Unfortunately, this view fails to account for China’s belief that, on climate change, the West needs it more than it needs the West.
It will thus demand a high price, especially from the US and its European allies, for its contributions. And, to avoid losing the international community’s goodwill – or overplaying its hand – it will likely proceed in a calculated manner.
The first prong of China’s strategy is already visible. At the recent Climate Ambition Summit, convened by the United Nations, Xi reiterated his pledge to reach peak CO2 emissions before 2030 and to achieve carbon neutrality before 2060.
Xi also vowed to meet even more ambitious climate goals by 2030. These include lowering CO2 emissions per unit of GDP by 65% (from 2005 levels); ensuring that renewables account for a quarter of primary energy consumption; and increasing total installed wind and solar capacity to more than 1.2 billion kilowatts (roughly three times China’s installed capacity in 2019).
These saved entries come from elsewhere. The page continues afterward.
(* Assume $\kappa>0$, $\phi_*:=\inf_{r\ge0}\phi(r)>0$ and $\phi_*M>\sigma\bar\theta$. Then for every sectorial solution of system (CSF) it is not the case that all $\mathbf v_i(t)\to0$; consequently there exists $\bar{\mathbf v}\in\mathbb R^n$ with $|\bar{\mathbf v}|=\bar\theta^{1/p}$ such that every $\mathbf v_i(t)$ converges to $\bar{\mathbf v}$ exponentially fast.
   Context: Fix integers $N\ge1$, $n\ge1$, masses $m_1,\dots,m_N>0$ with $M=\sum_i m_i$, parameters $\sigma>0$, $p>0$, $\kappa\ge0$, and a communication kernel $\phi:[0,\infty)\to(0,\infty)$ that is smooth, positive and non-increasing. Write $\phi_{ij}=\phi(|\mathbf x_i-\mathbf x_j|)$, with $|\cdot|$ the Euclidean norm on $\mathbb R^n$. System (CSF) is, for $i=1,\dots,N$, $$\dot{\mathbf x}_i=\mathbf v_i,\qquad \dot{\mathbf v}_i=\sum_{j=1}^N m_j\phi_{ij}(\mathbf v_j-\mathbf v_i)+\sigma(\theta_i-|\mathbf v_i|^p)\mathbf v_i,\qquad \dot\theta_i=\kappa\sum_{j=1}^N m_j\phi_{ij}(\theta_j-\theta_i),$$ with $\mathbf x_i,\mathbf v_i\in\mathbb R^n$ and initial values $\theta_i(0)>0$; solutions are considered for $t\ge0$. Set $\bar\theta=\frac1M\sum_i m_i\theta_i(0)$; this weighted average is conserved in time. A solution is called sectorial if there exists a unit vector $\mathbf e\in\mathbb R^n$ with $\mathbf e\cdot\mathbf v_i(0)>0$ for all $i=1,\dots,N$. *)

theory Defs
  imports "HOL-Analysis.Analysis"
begin

definition smooth_on_halfline :: "(real \<Rightarrow> real) \<Rightarrow> bool" where
  "smooth_on_halfline f \<longleftrightarrow>
     (\<exists>D :: nat \<Rightarrow> real \<Rightarrow> real. D 0 = f \<and>
        (\<forall>k t. t \<ge> 0 \<longrightarrow> (D k has_real_derivative D (Suc k) t) (at t within {0..})))"

definition comm_kernel :: "(real \<Rightarrow> real) \<Rightarrow> bool" where
  "comm_kernel \<phi> \<longleftrightarrow> smooth_on_halfline \<phi> \<and> (\<forall>r\<ge>0. \<phi> r > 0) \<and>
     (\<forall>r s. 0 \<le> r \<longrightarrow> r \<le> s \<longrightarrow> \<phi> s \<le> \<phi> r)"

text \<open>Solution of system (CSF) for t \<ge> 0. Particles are indexed by i < N,
  positions/velocities live in the Euclidean space 'a (so n = DIM('a)).\<close>
definition CSF_solution ::
  "nat \<Rightarrow> (nat \<Rightarrow> real) \<Rightarrow> real \<Rightarrow> real \<Rightarrow> real \<Rightarrow> (real \<Rightarrow> real) \<Rightarrow>
   (nat \<Rightarrow> real \<Rightarrow> 'a::euclidean_space) \<Rightarrow> (nat \<Rightarrow> real \<Rightarrow> 'a) \<Rightarrow> (nat \<Rightarrow> real \<Rightarrow> real) \<Rightarrow> bool"
  where
  "CSF_solution N m \<sigma> p \<kappa> \<phi> x v \<theta> \<longleftrightarrow>
     (\<forall>i<N. \<forall>t\<ge>0.
        (x i has_vector_derivative v i t) (at t within {0..}) \<and>
        (v i has_vector_derivative
            ((\<Sum>j<N. (m j * \<phi> (norm (x i t - x j t))) *\<^sub>R (v j t - v i t))
             + (\<sigma> * (\<theta> i t - norm (v i t) powr p)) *\<^sub>R v i t)) (at t within {0..}) \<and>
        (\<theta> i has_real_derivative
            (\<kappa> * (\<Sum>j<N. m j * \<phi> (norm (x i t - x j t)) * (\<theta> j t - \<theta> i t)))) (at t within {0..}))"

end

theory Submission
  imports Defs
begin

text \<open>
  The temperatures relax exponentially to their conserved weighted mean \<open>\<theta>bar\<close>, because their
  weighted variance dissipates at rate \<open>2 \<kappa> \<phi>\<^sub>* M\<close>. A maximum principle bounds the speeds, and
  the sector \<open>{e \<bullet> v > 0}\<close> is invariant. The velocity spread
  \<open>D = \<Sum>\<^sub>i \<Sum>\<^sub>j m\<^sub>i m\<^sub>j |v\<^sub>i - v\<^sub>j|\<^sup>2\<close> satisfies
  \<open>D' \<le> - 2 (\<phi>\<^sub>* M - \<sigma> \<theta>bar) D + (exponentially small)\<close>, so the hypothesis
  \<open>\<phi>\<^sub>* M > \<sigma> \<theta>bar\<close> forces exponential alignment, and particle 0 follows
  \<open>v' = \<sigma> (\<theta>bar - |v|\<^sup>p) v\<close> up to an exponentially small defect.
  The sector keeps \<open>v\<^sub>0\<close> away from 0: otherwise every friction coefficient
  \<open>\<theta>\<^sub>i - |v\<^sub>i|\<^sup>p\<close> would eventually exceed \<open>\<theta>bar / 2\<close> and the momentum
  \<open>\<Sum>\<^sub>i m\<^sub>i (e \<bullet> v\<^sub>i)\<close> would grow exponentially. Once \<open>|v\<^sub>0|\<close> is bounded below,
  \<open>|v\<^sub>0|\<^sup>p \<rightarrow> \<theta>bar\<close> exponentially, hence \<open>v\<^sub>0'\<close> decays exponentially and \<open>v\<^sub>0\<close> converges
  exponentially to some \<open>vbar\<close> with \<open>|vbar| = \<theta>bar\<^bsup>1/p\<^esup>\<close>; alignment carries this over to
  every particle.
\<close>


section \<open>Calculus on a half-line\<close>

lemma DERIV_nonneg_imp_nondecreasing_atLeast:
  fixes f f' :: "real \<Rightarrow> real"
  assumes deriv: "\<And>t. t \<ge> a \<Longrightarrow> (f has_real_derivative f' t) (at t within {a..})"
    and nonneg: "\<And>t. t \<ge> a \<Longrightarrow> f' t \<ge> 0" and "a \<le> s" "s \<le> t"
  shows "f s \<le> f t"
proof (rule DERIV_nonneg_imp_increasing_open[OF \<open>s \<le> t\<close>])
  show "continuous_on {s..t} f"
    using \<open>a \<le> s\<close> by (intro DERIV_continuous_on[where D=f']) (auto intro!: DERIV_subset[OF deriv])
  fix y assume "s < y" "y < t"
  then have "y \<in> interior {a..}" using \<open>a \<le> s\<close> by simp
  then have "at y within {a..} = at y" by (rule at_within_interior)
  then show "\<exists>d. DERIV f y :> d \<and> d \<ge> 0"
    using deriv[of y] nonneg[of y] \<open>a \<le> s\<close> \<open>s < y\<close> by auto
qed

lemma has_real_derivative_inner:
  fixes f g :: "real \<Rightarrow> 'a::real_inner"
  assumes "(f has_vector_derivative f') (at t within S)" "(g has_vector_derivative g') (at t within S)"
  shows "((\<lambda>t. f t \<bullet> g t) has_real_derivative (f t \<bullet> g' + f' \<bullet> g t)) (at t within S)"
  using bounded_bilinear.has_vector_derivative[OF bounded_bilinear_inner assms]
  by (simp add: has_real_derivative_iff_has_vector_derivative)

lemma has_real_derivative_norm_powr:
  fixes f :: "real \<Rightarrow> 'a::real_inner"
  assumes "f t \<noteq> 0" "(f has_vector_derivative f') (at t within S)"
  shows "((\<lambda>t. norm (f t) powr p) has_real_derivative p * norm (f t) powr (p - 2) * (f t \<bullet> f'))
           (at t within S)"
proof -
  have norm_powr: "norm (f s) powr q = (f s \<bullet> f s) powr (q / 2)" for s q
    by (simp add: norm_eq_sqrt_inner powr_half_sqrt[symmetric] powr_powr)
  have "f t \<bullet> f t > 0" using assms(1) by simp
  from DERIV_chain2[OF has_real_derivative_powr[OF this, of "p / 2"] has_real_derivative_inner[OF assms(2,2)]]
  have "((\<lambda>t. (f t \<bullet> f t) powr (p / 2)) has_real_derivative
      p / 2 * (f t \<bullet> f t) powr (p / 2 - 1) * (f t \<bullet> f' + f' \<bullet> f t)) (at t within S)"
    by simp
  moreover have "(f t \<bullet> f t) powr (p / 2 - 1) = norm (f t) powr (p - 2)"
    using norm_powr[of t "p - 2"] by (simp add: diff_divide_distrib)
  ultimately show ?thesis by (simp add: norm_powr inner_commute mult.assoc)
qed

lemma nonneg_if_positive_before:
  fixes g :: "real \<Rightarrow> real"
  assumes "continuous_on {a..} g" "a < t" "\<And>s. a \<le> s \<Longrightarrow> s < t \<Longrightarrow> g s > 0"
  shows "g t \<ge> 0"
proof (rule ccontr)
  assume "\<not> g t \<ge> 0"
  then obtain d where "d > 0" and d: "\<And>s. s \<ge> a \<Longrightarrow> dist s t < d \<Longrightarrow> dist (g s) (g t) < - g t"
    using assms(1,2) unfolding continuous_on_iff
    by (metis atLeast_iff less_imp_le neg_0_less_iff_less not_le)
  define s where "s = max a (t - d / 2)"
  have "a \<le> s" "s < t" "dist s t < d" using \<open>d > 0\<close> \<open>a < t\<close> by (auto simp: s_def dist_real_def)
  then have "g s < 0" using d[of s] by (simp add: dist_real_def)
  with assms(3)[OF \<open>a \<le> s\<close> \<open>s < t\<close>] show False by simp
qed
Such declarations aim to boost China’s international profile – and put the US on the spot.
The second prong of China’s strategy has not yet been unveiled, but it is reasonable to expect it to try to leverage its apparent climate leadership to secure economic and political concessions.
China would first call for broadly cooperative, non-confrontational international dialogue and request tariff reductions – outgoing President Donald Trump’s administration imposed a 30% tariff on Chinese solar panels – and clean-technology transfers, to help it meet its climate commitments.
Besides these pragmatic demands, China’s leaders will be tempted to pressure the West to tone down its criticisms of Chinese human-rights abuses, particularly the crackdown in Hong Kong and the mass incarceration of largely Uighur Muslims in Xinjiang.
But it is from a climate perspective that this scenario would be truly catastrophic. The Biden administration must recognize how easily it can happen – and do everything possible to ensure that it doesn’t.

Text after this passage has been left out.